3. Truth / C. Correspondence Truth / 3. Correspondence Truth critique
How could you ever know that the presentation is similar to the object? [Sext.Empiricus on Chrysippus]
     Full Idea: One cannot say that the soul grasps the externally existing objects by means of the states of the senses on the basis of the similarity of these states to the externally existing objects. For on what basis will it know the similarity?
     From: comment on Chrysippus (fragments/reports [c.240 BCE]) by Sextus Empiricus - Outlines of Pyrrhonism 2.74
     A reaction: This exactly the main modern reason for rejecting the correspondence theory of truth.
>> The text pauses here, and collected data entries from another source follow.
lemma reduced_cost_log_barrier_min_marginals:
  assumes pos: "\<forall>i j. 0 < reduced_cost C x y $ i $ j"
    and minimal: "\<And>x' y'. \<forall>i j. 0 < reduced_cost C x' y' $ i $ j \<Longrightarrow>
      log_barrier W (reduced_cost C x y) \<le> log_barrier W (reduced_cost C x' y')"
  shows "(\<Sum>j\<in>UNIV. inverse (reduced_cost C x y $ i $ j)) = (\<Sum>j\<in>UNIV. W $ i $ j)"
    and "(\<Sum>i\<in>UNIV. inverse (reduced_cost C x y $ i $ j)) = (\<Sum>i\<in>UNIV. W $ i $ j)"
proof -
  define F where "F i j = W $ i $ j - inverse (reduced_cost C x y $ i $ j)" for i j
  have stationary:
    "(\<Sum>i\<in>UNIV. u $ i * (\<Sum>j\<in>UNIV. F i j)) + (\<Sum>j\<in>UNIV. v $ j * (\<Sum>i\<in>UNIV. F i j)) = 0" for u v
  proof -
    let ?V = "\<chi> i j. u $ i + v $ j"
    have "log_barrier W (reduced_cost C x y) \<le> log_barrier W (reduced_cost C x y + t *\<^sub>R ?V)"
      if "\<forall>i j. 0 < (reduced_cost C x y + t *\<^sub>R ?V) $ i $ j" for t
      using minimal that unfolding reduced_cost_diff_scaled[symmetric] by blast
    then have "(\<Sum>i\<in>UNIV. \<Sum>j\<in>UNIV. ?V $ i $ j * F i j) = 0"
      unfolding F_def using pos by (rule log_barrier_stationary[rotated])
    then show ?thesis
      by (simp add: sum_sum_add_mult)
  qed
  have "(\<Sum>j\<in>UNIV. F i j) = 0"
    using stationary[of "\<chi> k. of_bool (k = i)" 0] by simp
  then show "(\<Sum>j\<in>UNIV. inverse (reduced_cost C x y $ i $ j)) = (\<Sum>j\<in>UNIV. W $ i $ j)"
    by (simp add: F_def sum_subtractf)
  have "(\<Sum>i\<in>UNIV. F i j) = 0"
    using stationary[of 0 "\<chi> l. of_bool (l = j)"] by simp
  then show "(\<Sum>i\<in>UNIV. inverse (reduced_cost C x y $ i $ j)) = (\<Sum>i\<in>UNIV. W $ i $ j)"
    by (simp add: F_def sum_subtractf)
qed

lemma exists_reduced_cost_inverse_marginals:
  assumes W: "\<forall>i j. 0 < W $ i $ j"
  obtains x y where "\<forall>i j. 0 < reduced_cost C x y $ i $ j"
    "\<And>i. (\<Sum>j\<in>UNIV. inverse (reduced_cost C x y $ i $ j)) = (\<Sum>j\<in>UNIV. W $ i $ j)"
    "\<And>j. (\<Sum>i\<in>UNIV. inverse (reduced_cost C x y $ i $ j)) = (\<Sum>i\<in>UNIV. W $ i $ j)"
proof -
  let ?A = "range (\<lambda>(x, y). reduced_cost C x y)"
  define x0 :: "real ^ 'a" where "x0 = (\<chi> i. - norm C - 1)"
  have "0 < reduced_cost C x0 0 $ i $ j" for i j
  proof -
    have "\<bar>C $ i $ j\<bar> \<le> norm (C $ i)"
      by (rule component_le_norm_cart)
    also have "\<dots> \<le> norm C"
      by (rule Finite_Cartesian_Product.norm_nth_le)
    finally show ?thesis
      by (simp add: x0_def)
  qed
  then obtain M where "M \<in> ?A" and M_pos: "\<forall>i j. 0 < M $ i $ j"
    and M_min: "\<And>N. N \<in> ?A \<Longrightarrow> \<forall>i j. 0 < N $ i $ j \<Longrightarrow> log_barrier W M \<le> log_barrier W N"
    using log_barrier_attains_min[OF W closed_range_reduced_cost, of "reduced_cost C x0 0"]
    by blast
  then obtain x y where M: "M = reduced_cost C x y"
    by auto
  have pos: "\<forall>i j. 0 < reduced_cost C x y $ i $ j"
    using M_pos by (simp add: M)
  have "reduced_cost C x' y' \<in> ?A" for x' y'
    by (rule range_eqI[of _ _ "(x', y')"]) simp
  then have "log_barrier W (reduced_cost C x y) \<le> log_barrier W (reduced_cost C x' y')"
    if "\<forall>i j. 0 < reduced_cost C x' y' $ i $ j" for x' y'
    using M_min that by (simp add: M)
  from pos reduced_cost_log_barrier_min_marginals[OF pos this] show ?thesis
    by (rule that)
qed
lemma column_basis:
  fixes A :: "'a::field mat"
  assumes A: "A \<in> carrier_mat n m"
  defines "r \<equiv> vec_space.rank n A"
  obtains C js where "C \<in> carrier_mat n r"
    and "\<And>x. x \<in> carrier_vec r \<Longrightarrow> C *\<^sub>v x = 0\<^sub>v n \<Longrightarrow> x = 0\<^sub>v r"
    and "\<And>k. k < r \<Longrightarrow> js k < m \<and> col C k = col A (js k)"
    and "\<And>j. j < m \<Longrightarrow> \<exists>y\<in>carrier_vec r. col A j = C *\<^sub>v y"
    and "r \<le> n"
proof -
  interpret vec_space "TYPE('a)" n .
  define indep_cols where "indep_cols T \<longleftrightarrow> T \<subseteq> set (cols A) \<and> lin_indpt T" for T
  obtain S where "finite S" and S: "maximal S indep_cols"
    using maximal_exists_superset[of "set (cols A)" indep_cols "{}"]
    unfolding indep_cols_def by (auto simp: lin_dep_def)
  have S_cols: "S \<subseteq> set (cols A)" and S_indep: "lin_indpt S"
    using S unfolding maximal_def indep_cols_def by auto
  have S_carrier: "S \<subseteq> carrier_vec n" using S_cols A cols_dim by blast
  have r: "r = card S"
    unfolding r_def using rank_card_indpt[OF A] S unfolding indep_cols_def by blast
  obtain cs where cs: "distinct cs" "set cs = S" using finite_distinct_list[OF \<open>finite S\<close>] by blast
  have len_cs: "length cs = r" using r cs distinct_card by fastforce
  define C where "C = mat_of_cols n cs"
  have C: "C \<in> carrier_mat n r" unfolding C_def using len_cs by auto
  have cols_C: "cols C = cs" unfolding C_def using cs S_carrier by simp
  have inj: "x = 0\<^sub>v r" if "x \<in> carrier_vec r" "C *\<^sub>v x = 0\<^sub>v n" for x
    using lin_depI[OF C that(1) _ that(2)] S_indep cols_C cs by auto
  have "\<exists>j<m. col C k = col A j" if k: "k < r" for k
  proof -
    have "col C k = cs ! k" using cols_nth[of k C] cols_C C k by simp
    then have "col C k \<in> set (cols A)" using S_cols cs k len_cs by auto
    then show ?thesis using A by (auto simp: cols_def)
  qed
  then obtain js where js: "\<And>k. k < r \<Longrightarrow> js k < m \<and> col C k = col A (js k)" by metis
  have "\<exists>y\<in>carrier_vec r. col A j = C *\<^sub>v y" if j: "j < m" for j
  proof -
    have "col A j \<in> span S"
      using col_in_span_maximal_indep[OF A S[unfolded indep_cols_def] j] .
    then obtain a where "lincomb a S = col A j" using finite_in_span[OF \<open>finite S\<close> S_carrier] by blast
    moreover have "C *\<^sub>v vec r (\<lambda>i. a (col C i)) = lincomb a S"
      using mat_mult_eq_lincomb[OF C] cols_C cs unfolding C_def by simp
    ultimately show ?thesis by (metis vec_carrier)
  qed
  moreover have "r \<le> n" using li_le_dim(2)[OF fin_dim S_carrier S_indep] dim_is_n r by simp
  ultimately show ?thesis using that C inj js by blast
qed

lemma rank_factorization_with_pivots:
  fixes A :: "complex mat"
  assumes A: "A \<in> carrier_mat n m"
  defines "r \<equiv> vec_space.rank n A"
  obtains C D js where "C \<in> carrier_mat n r" and "D \<in> carrier_mat r n" and "C * (D * A) = A"
    and "\<And>k. k < r \<Longrightarrow> js k < m"
    and "\<And>k k'. k < r \<Longrightarrow> k' < r \<Longrightarrow> (D * A) $$ (k', js k) = (if k' = k then 1 else 0)"
proof -
  obtain C js where C: "C \<in> carrier_mat n r"
    and inj: "\<And>x. x \<in> carrier_vec r \<Longrightarrow> C *\<^sub>v x = 0\<^sub>v n \<Longrightarrow> x = 0\<^sub>v r"
    and js: "\<And>k. k < r \<Longrightarrow> js k < m \<and> col C k = col A (js k)"
    and span: "\<And>j. j < m \<Longrightarrow> \<exists>y\<in>carrier_vec r. col A j = C *\<^sub>v y"
    unfolding r_def by (rule column_basis[OF A]) blast
  obtain D where D: "D \<in> carrier_mat r n" and DC: "D * C = 1\<^sub>m r"
    using left_inverse_if_injective[OF C inj] by blast
  have DA: "D * A \<in> carrier_mat r m" using D A by simp
  have "C * (D * A) = A"
  proof (rule mat_col_eqI)
    fix j assume "j < dim_col A"
    then have j: "j < m" using A by simp
    obtain y where y: "y \<in> carrier_vec r" "col A j = C *\<^sub>v y" using span[OF j] by blast
    have "col (C * (D * A)) j = C *\<^sub>v (D *\<^sub>v (C *\<^sub>v y))"
      using col_mult2[OF C DA j] col_mult2[OF D A j] y by simp
    also have "\<dots> = C *\<^sub>v y" using assoc_mult_mat_vec[OF D C y(1), symmetric] DC y by simp
    finally show "col (C * (D * A)) j = col A j" using y by simp
  qed (use C DA A in auto)
  moreover have "(D * A) $$ (k', js k) = (if k' = k then 1 else 0)" if k: "k < r" "k' < r" for k k'
  proof -
    have "col (D * A) (js k) = col (D * C) k"
      using col_mult2[OF D A] col_mult2[OF D C] js k by simp
    then show ?thesis using DC DA js k by (metis col_one index_col index_unit_vec(1) carrier_matD)
  qed
  ultimately show ?thesis using js by (intro that[OF C D]) auto
qed

lemma rank_le_nr:
  fixes A :: "'a::field mat"
  assumes "A \<in> carrier_mat n m"
  shows "vec_space.rank n A \<le> n"
  by (rule column_basis[OF assms]) assumption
You are welcome to affirm a robust view of truth, but supporting it by claiming a correspondence or resemblance is dubious.
3. Truth / D. Coherence Truth / 1. Coherence Truth
Judgements can't be true and known in isolation; the only surety is in connections and relations [Nietzsche]
     Full Idea: An isolated judgement is never 'true', never knowledge; only in connection and relation of many judgements is there any surety.
     From: Friedrich Nietzsche (The Will to Power (notebooks) [1888], §530)
     A reaction: It actually seems impossible to state an isolated judgement in language without having a mass of presuppositions and beliefs to support it. I don't think the full holistic thesis about language follows, however.